◆ Records provided ◆
(* Let $n\ge 1$, and let $E_1,\dots,E_n\in\mathbb{R}$ be the energy scores of a minibatch $B=\{x_i\}_{i=1}^n$. Define \[ \mu_B=\frac{1}{n}\sum_{j=1}^{n}E_j,\qquad s_B=\sqrt{\frac{1}{n}\sum_{j=1}^{n}(E_j-\mu_B)^2}, \] and, for constants $\epsilon_B>0$ and $\beta>0$, \[ \widetilde{E}_i=\frac{E_i-\mu_B}{s_B+\epsilon_B},\qquad w_i=\rho(-\beta\widetilde{E}_i),\qquad \rho(t)=\frac{1}{1+\exp(-t)}. \] If $n=1$, then $w_1=1/2$. If $n\ge 2$, then for every $i\in\{1,\dots,n\}$, \[ \rho\!\left(-\beta\sqrt{n-1}\right)\le w_i\le \rho\!\left(\beta\sqrt{n-1}\right). \] In particular, $0<w_i<1$ for all $i$.
   Context: The $E_i$ are arbitrary real numbers (in the application, $E_i=E(x_i)$ is a disagreement score between a private and a proxy model on sample $x_i$); $w_i$ is called the trust weight of sample $x_i$. *)

theory Defs
  imports Complex_Main
begin

definition sigmoid :: "real \<Rightarrow> real" where
  "sigmoid t = 1 / (1 + exp (- t))"

definition batch_mean :: "nat \<Rightarrow> (nat \<Rightarrow> real) \<Rightarrow> real" where
  "batch_mean n E = (1 / real n) * (\<Sum>j=1..n. E j)"

definition batch_std :: "nat \<Rightarrow> (nat \<Rightarrow> real) \<Rightarrow> real" where
  "batch_std n E = sqrt ((1 / real n) * (\<Sum>j=1..n. (E j - batch_mean n E)^2))"

definition normalized_energy :: "nat \<Rightarrow> (nat \<Rightarrow> real) \<Rightarrow> real \<Rightarrow> nat \<Rightarrow> real" where
  "normalized_energy n E eps i = (E i - batch_mean n E) / (batch_std n E + eps)"

definition trust_weight :: "nat \<Rightarrow> (nat \<Rightarrow> real) \<Rightarrow> real \<Rightarrow> real \<Rightarrow> nat \<Rightarrow> real" where
  "trust_weight n E eps \<beta> i = sigmoid (- \<beta> * normalized_energy n E eps i)"

end

theory Submission
  imports Defs "HOL-Analysis.Convex"
begin

text \<open>Samuelson's inequality: no point of a sample lies more than \<open>sqrt (n - 1)\<close> population
  standard deviations from the mean. Hence the normalised energies lie in
  \<open>[-sqrt (n - 1), sqrt (n - 1)]\<close>, even after adding \<open>eps > 0\<close> to the denominator, and the
  bounds on the trust weights follow from the monotonicity of the sigmoid. For \<open>n = 1\<close> the
  interval degenerates to \<open>{0}\<close> and the weight is \<open>sigmoid 0 = 1/2\<close>.\<close>

lemma sigmoid_mono: "a \<le> b \<Longrightarrow> sigmoid a \<le> sigmoid b"
  unfolding sigmoid_def by (simp add: frac_le add_pos_pos)

lemma sigmoid_pos: "0 < sigmoid t"
  unfolding sigmoid_def by (simp add: add_pos_pos)

lemma sigmoid_less_1: "sigmoid t < 1"
  unfolding sigmoid_def by (simp add: add_pos_pos)

lemma sigmoid_0: "sigmoid 0 = 1 / 2"
  unfolding sigmoid_def by simp

lemma sigmoid_abs_le_bounds:
  assumes "\<bar>t\<bar> \<le> c"
  shows "sigmoid (- c) \<le> sigmoid t \<and> sigmoid t \<le> sigmoid c"
  using assms by (auto intro: sigmoid_mono)

text \<open>The \<open>card I - 1\<close> deviations other than \<open>d i\<close> sum to \<open>- d i\<close>; Cauchy--Schwarz on them
  gives \<open>(d i)\<^sup>2 \<le> (card I - 1) * (\<Sum>j\<in>I. (d j)\<^sup>2 - (d i)\<^sup>2)\<close>.\<close>

lemma centered_sq_le_sum_sq:
  fixes d :: "'a \<Rightarrow> real"
  assumes "finite I" and "i \<in> I" and "(\<Sum>j\<in>I. d j) = 0"
  shows "card I * (d i)\<^sup>2 \<le> (real (card I) - 1) * (\<Sum>j\<in>I. (d j)\<^sup>2)"
proof -
  define A where "A = I - {i}"
  have card_I: "real (card I) = real (card A) + 1"
    using card.remove[OF assms(1,2)] by (simp add: A_def)
  have "d i + (\<Sum>j\<in>A. d j) = 0"
    using sum.remove[OF assms(1,2), of d] assms(3) by (simp add: A_def)
  then have "(d i)\<^sup>2 = (\<Sum>j\<in>A. d j)\<^sup>2"
    by (simp add: eq_neg_iff_add_eq_0[symmetric])
  also have "\<dots> \<le> (\<Sum>j\<in>A. (d j)\<^sup>2) * card A"
    by (rule sum_squared_le_sum_of_squares)
  also have "(\<Sum>j\<in>A. (d j)\<^sup>2) = (\<Sum>j\<in>I. (d j)\<^sup>2) - (d i)\<^sup>2"
    using sum.remove[OF assms(1,2), of "\<lambda>j. (d j)\<^sup>2"] by (simp add: A_def)
  finally show ?thesis
    unfolding card_I by (simp add: algebra_simps)
qed

lemma batch_std_nonneg: "0 \<le> batch_std n E"
  unfolding batch_std_def by (simp add: sum_nonneg)

lemma samuelson_inequality:
  assumes "i \<in> {1..n}"
  shows "\<bar>E i - batch_mean n E\<bar> \<le> sqrt (real n - 1) * batch_std n E"
proof -
  define d where "d j = E j - batch_mean n E" for j
  define S where "S = (\<Sum>j=1..n. (d j)\<^sup>2)"
  have n_pos: "real n > 0"
    using assms by simp
  have "(\<Sum>j=1..n. d j) = 0"
    using n_pos by (simp add: d_def sum_subtractf batch_mean_def)
  then have "real n * (d i)\<^sup>2 \<le> (real n - 1) * S"
    using centered_sq_le_sum_sq[of "{1..n}" i d] assms by (simp add: S_def)
  then have "(d i)\<^sup>2 \<le> (real n - 1) * (S / real n)"
    using n_pos by (simp add: field_simps)
  then have "\<bar>d i\<bar> \<le> sqrt ((real n - 1) * (S / real n))"
    by (intro real_le_rsqrt) simp
  also have "\<dots> = sqrt (real n - 1) * sqrt (S / real n)"
    by (rule real_sqrt_mult)
  also have "sqrt (S / real n) = batch_std n E"
    by (simp add: batch_std_def S_def d_def)
  finally show ?thesis
    by (simp add: d_def)
qed

lemma normalized_energy_abs_le:
  assumes "i \<in> {1..n}" and "eps > 0"
  shows "\<bar>normalized_energy n E eps i\<bar> \<le> sqrt (real n - 1)"
proof -
  define s where "s = batch_std n E"
  have denom_pos: "s + eps > 0"
    using batch_std_nonneg[of n E] assms(2) by (simp add: s_def)
  have "\<bar>normalized_energy n E eps i\<bar> = \<bar>E i - batch_mean n E\<bar> / (s + eps)"
    using denom_pos by (simp add: normalized_energy_def s_def)
  also have "\<dots> \<le> sqrt (real n - 1) * s / (s + eps)"
    using samuelson_inequality[OF assms(1)] denom_pos
    by (simp add: s_def divide_right_mono)
  also have "\<dots> \<le> sqrt (real n - 1)"
    using assms denom_pos by (simp add: divide_le_eq mult_left_mono)
  finally show ?thesis .
qed

theorem proposition2:
  fixes n :: nat and E :: "nat \<Rightarrow> real" and eps \<beta> :: real
  assumes "n \<ge> 1" and "eps > 0" and "\<beta> > 0"
  shows "(n = 1 \<longrightarrow> trust_weight n E eps \<beta> 1 = 1 / 2)
     \<and> (n \<ge> 2 \<longrightarrow> (\<forall>i\<in>{1..n}.
            sigmoid (- \<beta> * sqrt (real n - 1)) \<le> trust_weight n E eps \<beta> i
          \<and> trust_weight n E eps \<beta> i \<le> sigmoid (\<beta> * sqrt (real n - 1))))
     \<and> (\<forall>i\<in>{1..n}. 0 < trust_weight n E eps \<beta> i \<and> trust_weight n E eps \<beta> i < 1)"
proof -
  have scaled_bound: "\<bar>- \<beta> * normalized_energy n E eps i\<bar> \<le> \<beta> * sqrt (real n - 1)"
    if "i \<in> {1..n}" for i
    using normalized_energy_abs_le[OF that assms(2)] assms(3)
    by (simp add: abs_mult mult_left_mono)
  have "trust_weight n E eps \<beta> 1 = 1 / 2" if "n = 1"
    using scaled_bound[of 1] that assms(3) by (simp add: trust_weight_def sigmoid_0)
  moreover have "sigmoid (- \<beta> * sqrt (real n - 1)) \<le> trust_weight n E eps \<beta> i
      \<and> trust_weight n E eps \<beta> i \<le> sigmoid (\<beta> * sqrt (real n - 1))" if "i \<in> {1..n}" for i
    using sigmoid_abs_le_bounds[OF scaled_bound[OF that]] by (simp add: trust_weight_def)
  moreover have "0 < trust_weight n E eps \<beta> i \<and> trust_weight n E eps \<beta> i < 1" for i
    by (simp add: trust_weight_def sigmoid_pos sigmoid_less_1)
  ultimately show ?thesis
    by blast
qed

end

◆ Exercise directions ◆
Count the lines of the material above that contain the string "assumes". Write nothing but the count.

◆ Answer to the problem ◆
5